- _Exercise goal_
Below are the records. Gather each line that holds "ultimately".

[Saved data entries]
# # #
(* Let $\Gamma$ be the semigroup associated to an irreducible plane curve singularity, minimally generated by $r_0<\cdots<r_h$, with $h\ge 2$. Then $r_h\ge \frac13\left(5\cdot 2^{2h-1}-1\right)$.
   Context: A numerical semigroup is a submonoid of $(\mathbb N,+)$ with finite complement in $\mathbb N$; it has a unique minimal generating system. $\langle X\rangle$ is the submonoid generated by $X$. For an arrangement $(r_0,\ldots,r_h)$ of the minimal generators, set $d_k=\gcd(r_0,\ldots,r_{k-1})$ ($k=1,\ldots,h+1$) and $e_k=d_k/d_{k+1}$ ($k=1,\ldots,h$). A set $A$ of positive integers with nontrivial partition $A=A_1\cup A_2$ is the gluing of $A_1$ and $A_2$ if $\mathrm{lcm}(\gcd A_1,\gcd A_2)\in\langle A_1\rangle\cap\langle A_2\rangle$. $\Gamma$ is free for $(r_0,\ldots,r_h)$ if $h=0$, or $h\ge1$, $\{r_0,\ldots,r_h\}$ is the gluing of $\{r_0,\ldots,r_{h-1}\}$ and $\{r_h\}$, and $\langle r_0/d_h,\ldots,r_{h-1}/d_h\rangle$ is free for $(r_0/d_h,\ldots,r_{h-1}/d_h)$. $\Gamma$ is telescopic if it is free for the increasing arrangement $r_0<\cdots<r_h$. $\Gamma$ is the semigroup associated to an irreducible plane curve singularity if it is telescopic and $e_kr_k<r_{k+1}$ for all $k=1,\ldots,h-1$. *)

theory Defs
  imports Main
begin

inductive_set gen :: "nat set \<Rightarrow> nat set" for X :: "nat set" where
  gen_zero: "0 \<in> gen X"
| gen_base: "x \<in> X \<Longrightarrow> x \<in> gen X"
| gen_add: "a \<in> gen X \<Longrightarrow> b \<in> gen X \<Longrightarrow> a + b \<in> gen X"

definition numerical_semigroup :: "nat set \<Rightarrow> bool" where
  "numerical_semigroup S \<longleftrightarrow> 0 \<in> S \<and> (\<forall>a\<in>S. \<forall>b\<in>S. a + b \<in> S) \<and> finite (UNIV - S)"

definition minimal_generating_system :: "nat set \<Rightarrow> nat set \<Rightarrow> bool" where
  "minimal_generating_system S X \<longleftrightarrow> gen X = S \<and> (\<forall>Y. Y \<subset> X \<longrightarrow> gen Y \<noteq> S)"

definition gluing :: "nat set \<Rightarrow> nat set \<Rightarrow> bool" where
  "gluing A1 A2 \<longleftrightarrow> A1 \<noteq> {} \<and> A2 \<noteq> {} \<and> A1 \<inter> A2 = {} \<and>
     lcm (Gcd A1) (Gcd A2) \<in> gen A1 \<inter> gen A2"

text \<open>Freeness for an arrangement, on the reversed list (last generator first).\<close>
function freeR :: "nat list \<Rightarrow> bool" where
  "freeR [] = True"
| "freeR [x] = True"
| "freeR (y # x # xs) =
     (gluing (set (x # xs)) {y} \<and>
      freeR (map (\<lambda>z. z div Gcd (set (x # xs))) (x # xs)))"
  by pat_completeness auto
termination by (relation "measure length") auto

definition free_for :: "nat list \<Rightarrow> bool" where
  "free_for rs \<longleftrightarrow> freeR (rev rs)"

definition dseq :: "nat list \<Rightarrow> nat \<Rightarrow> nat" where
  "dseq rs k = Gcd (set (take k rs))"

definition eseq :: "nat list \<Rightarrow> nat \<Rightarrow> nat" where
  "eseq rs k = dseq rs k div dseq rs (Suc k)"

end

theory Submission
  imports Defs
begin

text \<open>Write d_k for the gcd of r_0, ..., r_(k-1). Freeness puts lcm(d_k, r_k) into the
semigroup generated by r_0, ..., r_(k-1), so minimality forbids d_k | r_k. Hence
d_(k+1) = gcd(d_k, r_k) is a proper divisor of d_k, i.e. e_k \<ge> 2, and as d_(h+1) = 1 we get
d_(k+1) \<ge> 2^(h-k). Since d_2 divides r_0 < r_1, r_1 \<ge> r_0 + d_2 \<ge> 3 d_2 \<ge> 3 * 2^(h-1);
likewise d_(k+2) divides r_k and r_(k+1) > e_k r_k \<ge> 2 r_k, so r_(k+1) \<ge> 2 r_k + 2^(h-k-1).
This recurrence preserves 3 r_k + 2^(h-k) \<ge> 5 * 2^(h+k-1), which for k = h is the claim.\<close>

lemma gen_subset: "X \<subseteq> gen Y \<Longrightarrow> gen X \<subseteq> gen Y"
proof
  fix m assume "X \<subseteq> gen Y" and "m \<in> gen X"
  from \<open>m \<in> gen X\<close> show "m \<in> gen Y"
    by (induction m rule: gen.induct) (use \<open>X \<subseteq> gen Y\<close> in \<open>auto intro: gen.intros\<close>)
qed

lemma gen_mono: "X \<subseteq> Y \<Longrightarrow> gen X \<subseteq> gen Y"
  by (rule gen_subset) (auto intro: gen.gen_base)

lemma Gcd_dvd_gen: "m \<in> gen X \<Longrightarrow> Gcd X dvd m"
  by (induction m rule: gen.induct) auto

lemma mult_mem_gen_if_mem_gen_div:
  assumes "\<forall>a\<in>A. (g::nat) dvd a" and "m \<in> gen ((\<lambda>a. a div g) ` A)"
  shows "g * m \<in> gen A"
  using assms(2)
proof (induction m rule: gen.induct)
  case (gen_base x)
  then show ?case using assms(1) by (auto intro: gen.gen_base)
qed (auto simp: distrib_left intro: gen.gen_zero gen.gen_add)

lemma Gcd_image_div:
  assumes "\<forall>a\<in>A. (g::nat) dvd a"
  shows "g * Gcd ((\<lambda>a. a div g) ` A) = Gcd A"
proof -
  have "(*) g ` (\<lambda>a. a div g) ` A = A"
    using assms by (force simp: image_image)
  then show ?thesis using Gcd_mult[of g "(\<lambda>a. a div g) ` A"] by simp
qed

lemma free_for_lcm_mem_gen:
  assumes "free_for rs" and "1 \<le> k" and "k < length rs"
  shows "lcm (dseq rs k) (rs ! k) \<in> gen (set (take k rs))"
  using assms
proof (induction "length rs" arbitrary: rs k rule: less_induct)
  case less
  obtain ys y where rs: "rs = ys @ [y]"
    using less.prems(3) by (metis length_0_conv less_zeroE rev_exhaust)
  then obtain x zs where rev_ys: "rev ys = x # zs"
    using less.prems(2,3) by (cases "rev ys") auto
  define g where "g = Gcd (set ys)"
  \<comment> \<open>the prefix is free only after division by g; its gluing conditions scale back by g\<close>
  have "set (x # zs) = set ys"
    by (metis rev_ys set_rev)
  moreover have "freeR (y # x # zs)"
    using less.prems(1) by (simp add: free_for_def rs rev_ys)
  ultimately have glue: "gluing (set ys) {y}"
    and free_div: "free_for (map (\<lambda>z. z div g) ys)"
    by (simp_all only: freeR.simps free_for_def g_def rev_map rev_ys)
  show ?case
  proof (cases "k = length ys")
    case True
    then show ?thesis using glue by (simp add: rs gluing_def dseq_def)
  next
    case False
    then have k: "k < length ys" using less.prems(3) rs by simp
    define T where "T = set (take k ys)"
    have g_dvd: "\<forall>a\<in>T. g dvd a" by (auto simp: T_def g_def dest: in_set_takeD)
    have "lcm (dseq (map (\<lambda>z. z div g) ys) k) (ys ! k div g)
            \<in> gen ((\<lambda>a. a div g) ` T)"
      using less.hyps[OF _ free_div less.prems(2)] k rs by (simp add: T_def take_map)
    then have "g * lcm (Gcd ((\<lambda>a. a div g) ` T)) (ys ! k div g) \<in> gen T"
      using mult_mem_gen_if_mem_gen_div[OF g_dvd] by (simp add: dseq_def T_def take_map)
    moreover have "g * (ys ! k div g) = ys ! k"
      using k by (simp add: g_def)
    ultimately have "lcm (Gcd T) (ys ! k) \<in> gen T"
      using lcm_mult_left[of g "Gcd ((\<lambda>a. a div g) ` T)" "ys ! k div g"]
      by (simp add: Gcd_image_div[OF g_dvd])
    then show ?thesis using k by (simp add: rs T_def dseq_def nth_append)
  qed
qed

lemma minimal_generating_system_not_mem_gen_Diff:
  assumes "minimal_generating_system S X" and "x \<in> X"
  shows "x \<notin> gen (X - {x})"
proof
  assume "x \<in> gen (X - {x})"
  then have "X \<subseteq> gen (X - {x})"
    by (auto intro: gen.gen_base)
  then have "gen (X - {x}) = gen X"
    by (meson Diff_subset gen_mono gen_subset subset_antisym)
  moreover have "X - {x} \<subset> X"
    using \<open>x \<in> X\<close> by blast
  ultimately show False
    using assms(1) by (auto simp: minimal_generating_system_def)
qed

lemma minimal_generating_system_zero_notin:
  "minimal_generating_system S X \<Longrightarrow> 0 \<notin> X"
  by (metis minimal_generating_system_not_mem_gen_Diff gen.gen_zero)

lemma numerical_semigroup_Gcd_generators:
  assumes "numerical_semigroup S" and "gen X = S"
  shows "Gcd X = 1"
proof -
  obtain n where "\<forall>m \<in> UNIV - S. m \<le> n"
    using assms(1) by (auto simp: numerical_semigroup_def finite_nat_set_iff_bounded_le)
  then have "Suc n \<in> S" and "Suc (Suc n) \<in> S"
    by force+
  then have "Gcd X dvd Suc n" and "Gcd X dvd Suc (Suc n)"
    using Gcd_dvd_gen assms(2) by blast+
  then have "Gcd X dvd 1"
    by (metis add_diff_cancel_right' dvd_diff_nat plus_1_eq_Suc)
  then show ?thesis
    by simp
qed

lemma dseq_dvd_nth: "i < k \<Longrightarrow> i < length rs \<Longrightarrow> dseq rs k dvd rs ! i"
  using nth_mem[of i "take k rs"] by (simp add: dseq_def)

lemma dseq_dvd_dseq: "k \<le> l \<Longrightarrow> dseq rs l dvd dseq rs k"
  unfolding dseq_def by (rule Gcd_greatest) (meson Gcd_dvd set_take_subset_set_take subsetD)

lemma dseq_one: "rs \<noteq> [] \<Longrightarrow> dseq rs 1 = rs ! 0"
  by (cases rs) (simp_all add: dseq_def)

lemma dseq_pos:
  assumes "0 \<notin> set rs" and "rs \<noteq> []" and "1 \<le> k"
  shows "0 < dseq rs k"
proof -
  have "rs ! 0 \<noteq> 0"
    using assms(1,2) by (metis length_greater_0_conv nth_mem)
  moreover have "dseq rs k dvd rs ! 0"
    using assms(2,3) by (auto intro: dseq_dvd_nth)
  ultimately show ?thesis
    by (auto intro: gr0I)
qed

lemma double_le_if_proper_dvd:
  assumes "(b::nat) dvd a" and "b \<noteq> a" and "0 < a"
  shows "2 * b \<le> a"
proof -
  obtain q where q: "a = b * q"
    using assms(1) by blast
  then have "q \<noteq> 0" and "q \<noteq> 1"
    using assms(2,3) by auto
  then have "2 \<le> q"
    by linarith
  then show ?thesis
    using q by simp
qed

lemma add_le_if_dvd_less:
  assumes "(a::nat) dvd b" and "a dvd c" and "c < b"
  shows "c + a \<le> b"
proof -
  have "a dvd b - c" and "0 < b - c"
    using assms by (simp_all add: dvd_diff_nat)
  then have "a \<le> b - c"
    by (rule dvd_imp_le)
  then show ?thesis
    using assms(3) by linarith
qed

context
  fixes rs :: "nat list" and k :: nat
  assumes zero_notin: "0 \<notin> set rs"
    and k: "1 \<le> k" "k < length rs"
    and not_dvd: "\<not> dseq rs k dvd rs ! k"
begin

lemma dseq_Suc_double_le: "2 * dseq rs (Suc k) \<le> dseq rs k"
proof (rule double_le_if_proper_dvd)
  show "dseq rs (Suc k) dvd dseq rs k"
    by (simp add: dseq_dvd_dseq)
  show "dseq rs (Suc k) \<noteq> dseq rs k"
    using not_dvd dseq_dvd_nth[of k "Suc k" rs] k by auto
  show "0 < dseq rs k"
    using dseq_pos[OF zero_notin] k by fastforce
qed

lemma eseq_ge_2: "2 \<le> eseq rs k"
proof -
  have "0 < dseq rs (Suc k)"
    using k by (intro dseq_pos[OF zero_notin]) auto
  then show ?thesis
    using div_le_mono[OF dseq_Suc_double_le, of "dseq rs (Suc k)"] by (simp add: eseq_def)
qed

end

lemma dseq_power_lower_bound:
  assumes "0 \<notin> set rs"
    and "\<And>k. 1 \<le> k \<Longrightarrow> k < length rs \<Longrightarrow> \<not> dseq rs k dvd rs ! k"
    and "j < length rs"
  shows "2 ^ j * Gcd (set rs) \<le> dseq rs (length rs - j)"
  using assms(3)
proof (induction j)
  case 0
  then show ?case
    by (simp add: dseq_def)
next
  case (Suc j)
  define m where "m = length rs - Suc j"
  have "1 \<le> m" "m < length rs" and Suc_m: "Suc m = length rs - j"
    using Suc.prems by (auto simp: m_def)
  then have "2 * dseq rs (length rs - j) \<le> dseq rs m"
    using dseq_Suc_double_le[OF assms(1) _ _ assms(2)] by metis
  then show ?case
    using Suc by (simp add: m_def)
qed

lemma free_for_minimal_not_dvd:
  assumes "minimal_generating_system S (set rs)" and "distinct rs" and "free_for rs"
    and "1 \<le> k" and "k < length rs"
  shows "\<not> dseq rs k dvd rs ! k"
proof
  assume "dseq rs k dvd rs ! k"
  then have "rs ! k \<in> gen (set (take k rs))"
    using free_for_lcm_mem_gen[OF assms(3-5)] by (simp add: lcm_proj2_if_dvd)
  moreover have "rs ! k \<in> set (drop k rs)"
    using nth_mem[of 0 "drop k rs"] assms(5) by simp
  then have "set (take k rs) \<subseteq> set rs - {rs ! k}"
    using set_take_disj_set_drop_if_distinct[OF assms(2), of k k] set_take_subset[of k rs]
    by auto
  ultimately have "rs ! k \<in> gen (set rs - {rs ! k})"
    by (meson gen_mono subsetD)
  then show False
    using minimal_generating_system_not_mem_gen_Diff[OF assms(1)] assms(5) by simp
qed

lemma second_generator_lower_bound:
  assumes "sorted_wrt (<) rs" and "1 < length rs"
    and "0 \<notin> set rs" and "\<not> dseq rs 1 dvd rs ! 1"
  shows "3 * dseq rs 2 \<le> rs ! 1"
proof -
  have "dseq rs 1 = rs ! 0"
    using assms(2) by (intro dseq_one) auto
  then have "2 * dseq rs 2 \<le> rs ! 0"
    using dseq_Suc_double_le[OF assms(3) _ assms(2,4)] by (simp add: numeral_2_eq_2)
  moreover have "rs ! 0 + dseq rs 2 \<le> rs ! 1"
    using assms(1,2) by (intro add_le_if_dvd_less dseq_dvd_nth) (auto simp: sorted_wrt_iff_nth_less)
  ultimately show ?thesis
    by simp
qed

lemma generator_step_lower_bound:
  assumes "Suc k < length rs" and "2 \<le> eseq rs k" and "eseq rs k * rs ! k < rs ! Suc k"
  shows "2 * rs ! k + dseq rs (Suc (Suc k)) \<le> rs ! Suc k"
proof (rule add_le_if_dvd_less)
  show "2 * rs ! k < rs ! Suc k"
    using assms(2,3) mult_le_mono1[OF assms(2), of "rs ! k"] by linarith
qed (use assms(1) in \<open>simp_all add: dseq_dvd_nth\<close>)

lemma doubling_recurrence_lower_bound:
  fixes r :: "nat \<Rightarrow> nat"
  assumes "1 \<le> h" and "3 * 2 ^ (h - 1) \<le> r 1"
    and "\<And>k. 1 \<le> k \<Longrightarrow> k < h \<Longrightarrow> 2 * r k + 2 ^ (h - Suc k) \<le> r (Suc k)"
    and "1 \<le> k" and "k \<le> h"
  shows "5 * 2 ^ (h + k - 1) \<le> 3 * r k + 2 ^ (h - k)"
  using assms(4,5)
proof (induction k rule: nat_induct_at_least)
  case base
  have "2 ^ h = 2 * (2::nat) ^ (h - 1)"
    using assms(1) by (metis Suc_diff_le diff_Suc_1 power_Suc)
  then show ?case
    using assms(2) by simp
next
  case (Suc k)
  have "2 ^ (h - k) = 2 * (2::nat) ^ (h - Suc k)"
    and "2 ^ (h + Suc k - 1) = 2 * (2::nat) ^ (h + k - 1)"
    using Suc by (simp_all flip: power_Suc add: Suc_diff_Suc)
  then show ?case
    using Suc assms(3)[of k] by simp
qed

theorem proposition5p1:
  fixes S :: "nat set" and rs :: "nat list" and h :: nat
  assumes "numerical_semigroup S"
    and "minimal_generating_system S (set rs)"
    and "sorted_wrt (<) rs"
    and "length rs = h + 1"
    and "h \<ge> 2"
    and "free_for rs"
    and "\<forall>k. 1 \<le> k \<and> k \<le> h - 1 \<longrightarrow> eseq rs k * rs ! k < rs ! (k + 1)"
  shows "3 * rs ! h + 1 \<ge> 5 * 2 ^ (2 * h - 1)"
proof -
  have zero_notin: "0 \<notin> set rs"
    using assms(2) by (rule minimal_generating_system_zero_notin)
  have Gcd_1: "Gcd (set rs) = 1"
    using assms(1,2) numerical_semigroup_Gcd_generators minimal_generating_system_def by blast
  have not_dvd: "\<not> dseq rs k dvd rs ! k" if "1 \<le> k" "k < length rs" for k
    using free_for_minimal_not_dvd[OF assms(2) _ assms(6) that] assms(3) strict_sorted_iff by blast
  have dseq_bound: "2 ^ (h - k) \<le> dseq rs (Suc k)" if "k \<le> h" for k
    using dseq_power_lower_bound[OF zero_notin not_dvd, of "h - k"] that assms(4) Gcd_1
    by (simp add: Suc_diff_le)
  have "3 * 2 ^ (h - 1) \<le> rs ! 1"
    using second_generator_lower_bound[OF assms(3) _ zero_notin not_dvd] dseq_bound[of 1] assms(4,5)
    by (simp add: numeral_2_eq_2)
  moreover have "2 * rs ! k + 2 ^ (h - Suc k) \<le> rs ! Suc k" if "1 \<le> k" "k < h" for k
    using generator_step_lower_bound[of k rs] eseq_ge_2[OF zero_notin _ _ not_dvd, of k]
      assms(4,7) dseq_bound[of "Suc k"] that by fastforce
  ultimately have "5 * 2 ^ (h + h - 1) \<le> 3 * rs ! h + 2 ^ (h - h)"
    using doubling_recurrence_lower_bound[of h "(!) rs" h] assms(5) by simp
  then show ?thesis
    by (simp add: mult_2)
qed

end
# # #
- _Solution_
  ultimately have glue: "gluing (set ys) {y}"
    ultimately have "lcm (Gcd T) (ys ! k) \<in> gen T"
  ultimately show False
  ultimately show ?thesis
  ultimately have "rs ! k \<in> gen (set rs - {rs ! k})"
  ultimately show ?thesis
  ultimately have "5 * 2 ^ (h + h - 1) \<le> 3 * rs ! h + 2 ^ (h - h)"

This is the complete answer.